TRURO - After nine years in which he produced more than 600 shows at the
performing arts center he founded, Guy Strauss is turning over the reins to
another well-known name in the Lower Cape arts scene.
Kevin Rice - co-founder of Wellfleet Harbor Actors Theater as well as a
director, actor, teacher and internationally produced playwright - will
become Payomet Performing Arts Center's managing artistic director
Dec. 15.
Rice plans to continue offering the mix of summer theater, music, comedy,
lectures, yoga, storytelling, film and classes that already have filled Payomet's massive white tent at the Highlands Center at Cape Cod
National Seashore. But he hopes to expand class offerings and "build on what
(Strauss) has done."
"I want to help put Payomet on the map," Rice said this week. "I want
to be active ... look to involve the community and look forward. ... There
will be no radical changes. What he has done is really good."
Rice previously taught
Payomet's children's theater classes, and
Strauss, a longtime friend and colleague, had talked to him for years about
taking on a larger role. Rice's new position, under a three-year contract,
is part of an overall reorganization as Payomet seeks to grow.

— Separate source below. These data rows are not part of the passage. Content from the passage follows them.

(* Let $L\subset\mathbb{C}$ be a single slit domain, i.e. the complex plane minus a single slit lying on the negative real axis. Let $f=h+\overline{g}\in\mathcal{S}_H^0$ map $\mathbb{D}$ onto $L$, satisfy $h(z)-g(z)=\frac{z}{(1-z)^2}$ for $z\in\mathbb{D}$, and have dilatation $\omega=g'/h'=b^2$ with $b(z)=\varepsilon z$, $\varepsilon\in\{1,-1\}$. Let $S$ be the minimal surface over $L$ with projection $f$, i.e. $S=\{(u(z),v(z),F(z)):z\in\mathbb{D}\}$ with $u=\mathrm{Re}\,f$, $v=\mathrm{Im}\,f$, $F(z)=\mathrm{Re}\int_0^z2ib(t)h'(t)\,dt+c$, $c\in\mathbb{R}$. Then $$u=\mathrm{Re}\left(\frac{2z^3-3z^2+3z}{3(1-z)^3}\right),\qquad v=\mathrm{Im}\left(\frac{z}{(1-z)^2}\right),\qquad F=\pm\mathrm{Im}\left(\frac{1}{(z-1)^2}+\frac{2}{3(z-1)^3}\right)+c,$$ where the sign $\pm$ corresponds to $\varepsilon$ and $c$ is a real constant.
   Context: $\mathbb{D}$ is the unit disk. A harmonic mapping $f=h+\overline g$ ($h,g$ analytic on $\mathbb{D}$) is sense-preserving if $h'\ne0$ and its dilatation $\omega=g'/h'$ satisfies $|\omega|<1$. $\mathcal{S}_H^0$ is the class of sense-preserving univalent harmonic mappings $f=h+\overline g$ on $\mathbb{D}$ with $h(0)=g(0)=0$, $h'(0)=1$, $g'(0)=0$. Minimal surface with projection $f$ (Weierstrass–Enneper): $S=\{(\mathrm{Re}\int_0^z\phi_1+c_1,\mathrm{Re}\int_0^z\phi_2+c_2,\mathrm{Re}\int_0^z\phi_3+c_3)\}$ with $\phi_j$ analytic, $\phi_1^2+\phi_2^2+\phi_3^2=0$, $f=\mathrm{Re}\int_0^z\phi_1+i\,\mathrm{Re}\int_0^z\phi_2$ univalent sense-preserving harmonic onto the domain; for $\omega=b^2$, $b(z)=\pm z$, one has $\phi_1=h'+g'$, $\phi_2=-i(h'-g')$, $\phi_3=2ibh'$. *)

theory Defs
  imports "HOL-Complex_Analysis.Complex_Analysis"
begin

abbreviation unit_disk :: "complex set" where
  "unit_disk \<equiv> ball 0 1"

definition harm :: "(complex \<Rightarrow> complex) \<Rightarrow> (complex \<Rightarrow> complex) \<Rightarrow> complex \<Rightarrow> complex" where
  "harm h g z = h z + cnj (g z)"

text \<open>Class S_H^0: sense-preserving univalent harmonic maps f = h + conj g on the disk
  with h(0)=g(0)=0, h'(0)=1, g'(0)=0.  Sense-preserving: h' nonzero and
  the dilatation g'/h' has modulus < 1.\<close>
definition SH0 :: "(complex \<Rightarrow> complex) \<Rightarrow> (complex \<Rightarrow> complex) \<Rightarrow> bool" where
  "SH0 h g \<longleftrightarrow>
     h holomorphic_on unit_disk \<and> g holomorphic_on unit_disk \<and>
     h 0 = 0 \<and> g 0 = 0 \<and> deriv h 0 = 1 \<and> deriv g 0 = 0 \<and>
     (\<forall>z\<in>unit_disk. deriv h z \<noteq> 0 \<and> norm (deriv g z / deriv h z) < 1) \<and>
     inj_on (harm h g) unit_disk"

definition single_slit_domain :: "complex set \<Rightarrow> bool" where
  "single_slit_domain L \<longleftrightarrow>
     (\<exists>a::real. a > 0 \<and> L = UNIV - {complex_of_real t | t. t \<le> -a})"

definition min_surf_height ::
  "(complex \<Rightarrow> complex) \<Rightarrow> real \<Rightarrow> real \<Rightarrow> complex \<Rightarrow> real" where
  "min_surf_height h eps c z =
     Re (contour_integral (linepath 0 z)
           (\<lambda>t. 2 * \<i> * (complex_of_real eps * t) * deriv h t)) + c"

end

theory Submission
  imports Defs
begin

text \<open>
  The shear construction: since \<open>h - g = k\<close> with the Koebe function \<open>k(z) = z/(1-z)^2\<close> and
  \<open>g' = z^2 h'\<close>, we get \<open>(1 - z^2) h' = k' = (1+z)/(1-z)^3\<close>, i.e. \<open>h' = 1/(1-z)^4\<close>.
  Integrating with \<open>h(0) = 0\<close> gives \<open>h\<close> explicitly, hence \<open>g = h - k\<close> and \<open>f = h + conj g\<close>;
  the height \<open>F\<close> is the real part of a contour integral of \<open>2 i \<epsilon> t/(1-t)^4\<close>, which has an
  elementary primitive.
\<close>

definition koebe :: "complex \<Rightarrow> complex" where
  "koebe z = z / (1 - z)^2"

definition shear_h :: "complex \<Rightarrow> complex" where
  "shear_h z = (1 / (1 - z)^3 - 1) / 3"

definition height_primitive :: "complex \<Rightarrow> complex" where
  "height_primitive z = 1 / (3 * (1 - z)^3) - 1 / (2 * (1 - z)^2)"

lemma unit_disk_one_minus_nonzero: "z \<in> unit_disk \<Longrightarrow> 1 - z \<noteq> 0"
  by auto

lemma unit_disk_one_plus_nonzero: "z \<in> unit_disk \<Longrightarrow> 1 + z \<noteq> 0"
  by (metis add_eq_0_iff mem_ball_0 norm_minus_cancel norm_one order.irrefl)

lemma koebe_has_field_derivative:
  assumes "1 - z \<noteq> 0"
  shows "(koebe has_field_derivative (1 + z) / (1 - z)^3) (at z)"
  unfolding koebe_def [abs_def]
  apply (rule derivative_eq_intros refl | use assms in \<open>simp; fail\<close>)+
  using assms
  by (simp add: divide_simps)
     (simp add: algebra_simps power2_eq_square power3_eq_cube power4_eq_xxxx)

lemma shear_h_has_field_derivative:
  assumes "1 - z \<noteq> 0"
  shows "(shear_h has_field_derivative 1 / (1 - z)^4) (at z)"
  unfolding shear_h_def [abs_def]
  apply (rule derivative_eq_intros refl | use assms in \<open>simp; fail\<close>)+
  using assms by (simp add: divide_simps)

lemma height_primitive_has_field_derivative:
  assumes "1 - z \<noteq> 0"
  shows "(height_primitive has_field_derivative z / (1 - z)^4) (at z)"
  unfolding height_primitive_def [abs_def]
  apply (rule derivative_eq_intros refl | use assms in \<open>simp; fail\<close>)+
  using assms by (simp add: divide_simps) algebra

lemma eq_on_convex_if_same_derivative:
  fixes f g :: "'a::real_normed_field \<Rightarrow> 'a"
  assumes "convex S" "a \<in> S" "f a = g a" "x \<in> S"
    and "\<And>x. x \<in> S \<Longrightarrow> (f has_field_derivative f' x) (at x within S)"
    and "\<And>x. x \<in> S \<Longrightarrow> (g has_field_derivative f' x) (at x within S)"
  shows "f x = g x"
proof -
  have "\<exists>c. \<forall>x\<in>S. f x - g x = c"
    by (rule has_field_derivative_zero_constant)
       (use assms in \<open>auto intro!: derivative_eq_intros\<close>)
  then show ?thesis
    using assms(2-4) by (metis eq_iff_diff_eq_0)
qed

lemma deriv_diff_eq:
  assumes "h holomorphic_on S" "g holomorphic_on S" "open S" "z \<in> S"
    and "\<And>w. w \<in> S \<Longrightarrow> h w - g w = k w"
    and "(k has_field_derivative k') (at z)"
  shows "deriv h z - deriv g z = k'"
proof -
  have "((\<lambda>w. h w - g w) has_field_derivative deriv h z - deriv g z) (at z)"
    using assms(1-4) by (auto intro!: derivative_intros holomorphic_derivI)
  then have "(k has_field_derivative deriv h z - deriv g z) (at z)"
    by (rule has_field_derivative_transform_within_open) (use assms in auto)
  with assms(6) show ?thesis
    using DERIV_unique by blast
qed

lemma shear_deriv_eq:
  fixes z dh dg :: complex
  assumes "1 - z \<noteq> 0" "1 + z \<noteq> 0"
    and "dg = z^2 * dh" "dh - dg = (1 + z) / (1 - z)^3"
  shows "dh = 1 / (1 - z)^4"
proof -
  have "(1 - z) * (1 + z) * dh = (1 + z) / (1 - z)^3"
    using assms(3,4) by (simp add: algebra_simps power2_eq_square)
  with assms(1,2) show ?thesis
    by (simp add: field_simps) algebra
qed

lemma deriv_h_eq_shear:
  assumes "SH0 h g"
    and "\<And>z. z \<in> unit_disk \<Longrightarrow> h z - g z = koebe z"
    and "\<And>z. z \<in> unit_disk \<Longrightarrow> deriv g z / deriv h z = z^2"
    and z: "z \<in> unit_disk"
  shows "deriv h z = 1 / (1 - z)^4"
proof (rule shear_deriv_eq)
  have hol: "h holomorphic_on unit_disk" "g holomorphic_on unit_disk"
    and "deriv h z \<noteq> 0"
    using assms(1) z unfolding SH0_def by auto
  then show "deriv g z = z^2 * deriv h z"
    using assms(3)[OF z] by (simp add: field_simps)
  show "deriv h z - deriv g z = (1 + z) / (1 - z)^3"
    by (rule deriv_diff_eq[OF hol open_ball z assms(2)])
       (use z in \<open>auto intro: koebe_has_field_derivative\<close>)
qed (use unit_disk_one_minus_nonzero[OF z] unit_disk_one_plus_nonzero[OF z] in auto)

lemma h_eq_shear_h:
  assumes "SH0 h g"
    and "\<And>z. z \<in> unit_disk \<Longrightarrow> deriv h z = 1 / (1 - z)^4"
    and "z \<in> unit_disk"
  shows "h z = shear_h z"
proof (rule eq_on_convex_if_same_derivative[OF convex_ball _ _ \<open>z \<in> unit_disk\<close>])
  have "h holomorphic_on unit_disk" "h 0 = 0"
    using assms(1) unfolding SH0_def by auto
  then show "h 0 = shear_h 0" "\<And>x. x \<in> unit_disk \<Longrightarrow>
      (h has_field_derivative 1 / (1 - x)^4) (at x within unit_disk)"
    by (auto simp: shear_h_def assms(2)[symmetric] intro: holomorphic_derivI)
  show "(shear_h has_field_derivative 1 / (1 - x)^4) (at x within unit_disk)"
    if "x \<in> unit_disk" for x
    using that unit_disk_one_minus_nonzero
    by (blast intro: has_field_derivative_at_within shear_h_has_field_derivative)
qed simp

lemma min_surf_height_eq:
  assumes "\<And>t. t \<in> unit_disk \<Longrightarrow> deriv h t = 1 / (1 - t)^4"
    and z: "z \<in> unit_disk"
  shows "min_surf_height h eps c z = eps * Im (1 / (z - 1)^2 + 2 / (3 * (z - 1)^3)) + c"
proof -
  define G where "G t = 2 * \<i> * complex_of_real eps * height_primitive t" for t
  have G_deriv: "(G has_field_derivative 2 * \<i> * (complex_of_real eps * t) * deriv h t)
      (at t within unit_disk)" if "t \<in> unit_disk" for t
  proof -
    have "(G has_field_derivative 2 * \<i> * complex_of_real eps * (t / (1 - t)^4)) (at t)"
      unfolding G_def [abs_def] using that
      by (intro DERIV_cmult height_primitive_has_field_derivative) auto
    then show ?thesis
      using that by (simp add: assms(1) has_field_derivative_at_within mult.assoc)
  qed
  have "path_image (linepath 0 z) \<subseteq> unit_disk"
    using z by (simp add: closed_segment_subset convex_ball)
  then have "((\<lambda>t. 2 * \<i> * (complex_of_real eps * t) * deriv h t) has_contour_integral G z - G 0)
      (linepath 0 z)"
    using contour_integral_primitive[OF G_deriv valid_path_linepath] by simp
  then have "contour_integral (linepath 0 z)
      (\<lambda>t. 2 * \<i> * (complex_of_real eps * t) * deriv h t) = G z - G 0"
    by (rule contour_integral_unique)
  also have "\<dots> = - (\<i> * complex_of_real eps * (1 / (z - 1)^2 + 2 / (3 * (z - 1)^3)))
                  + \<i> * complex_of_real eps / 3"
    using unit_disk_one_minus_nonzero[OF z]
    by (simp add: G_def height_primitive_def field_simps) algebra
  finally show ?thesis
    unfolding min_surf_height_def by simp
qed

theorem theorem4p1:
  fixes h g :: "complex \<Rightarrow> complex" and L :: "complex set"
    and eps c :: real
  assumes "single_slit_domain L"
    and "SH0 h g"
    and "harm h g ` unit_disk = L"
    and "\<forall>z\<in>unit_disk. h z - g z = z / (1 - z)^2"
    and "eps \<in> {1, -1}"
    and "\<forall>z\<in>unit_disk. deriv g z / deriv h z = (complex_of_real eps * z)^2"
  shows "\<forall>z\<in>unit_disk.
           Re (harm h g z) = Re ((2*z^3 - 3*z^2 + 3*z) / (3 * (1 - z)^3)) \<and>
           Im (harm h g z) = Im (z / (1 - z)^2) \<and>
           min_surf_height h eps c z =
             eps * Im (1 / (z - 1)^2 + 2 / (3 * (z - 1)^3)) + c"
proof
  fix z assume z: "z \<in> unit_disk"
  have "(complex_of_real eps)^2 = 1"
    using assms(5) by auto
  then have dh: "\<And>t. t \<in> unit_disk \<Longrightarrow> deriv h t = 1 / (1 - t)^4"
    using assms(4,6)
    by (intro deriv_h_eq_shear[OF assms(2)]) (auto simp: koebe_def power_mult_distrib)
  have h: "h z = shear_h z"
    using h_eq_shear_h[OF assms(2) dh z] .
  have g: "g z = shear_h z - koebe z"
    using assms(4) z h by (auto simp: koebe_def algebra_simps)
  have f_eq: "(2*z^3 - 3*z^2 + 3*z) / (3 * (1 - z)^3) = shear_h z + (shear_h z - koebe z)"
    using unit_disk_one_minus_nonzero[OF z]
    by (simp add: shear_h_def koebe_def field_simps) algebra
  show "Re (harm h g z) = Re ((2*z^3 - 3*z^2 + 3*z) / (3 * (1 - z)^3)) \<and>
      Im (harm h g z) = Im (z / (1 - z)^2) \<and>
      min_surf_height h eps c z = eps * Im (1 / (z - 1)^2 + 2 / (3 * (z - 1)^3)) + c"
    unfolding f_eq koebe_def[symmetric] using min_surf_height_eq[OF dh z]
    by (simp add: harm_def h g)
qed

end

Strauss and Rice have become members of an expanded board of trustees, along
with longtime Truro supporters Robert H. MacKinnon and Fred Schilpp. A fifth
member is due to be named soon.
Strauss, a professional actor who has a small recurring role on TV's
"Brotherhood," hopes to pursue more acting with this changing of the guard,
possibly even at Payomet, which employs Equity and Cape actors.
"I feel very, very positive about this, but I do sort of feel a little
nostalgic about letting go. People said I couldn't do it," he says. While
Rice will have "full control" of artistic decisions, Strauss adds: "Payomet
is one of my major, major loves, and I'm not going too far. I'll be there to
help Kevin."
Strauss started Payomet as a multi-genre venue in a tent off Route 6
before moving it two years ago to an open site at the Highlands Center,
becoming the first tenant of the slowly developing reinvention of a former
Air Force base into an arts and environmental complex. He has produced some
regional and world premiere theater; regularly hosted comedian Jimmy Tingle,
nationally known lecturers and Shakespeare troupes; offered concerts in a
variety of music styles; and featured historical programs in keeping with
Seashore activities.
"I've felt for a couple of years now that to bring
Payomet to the
next level would probably require some new ideas and new people," he says.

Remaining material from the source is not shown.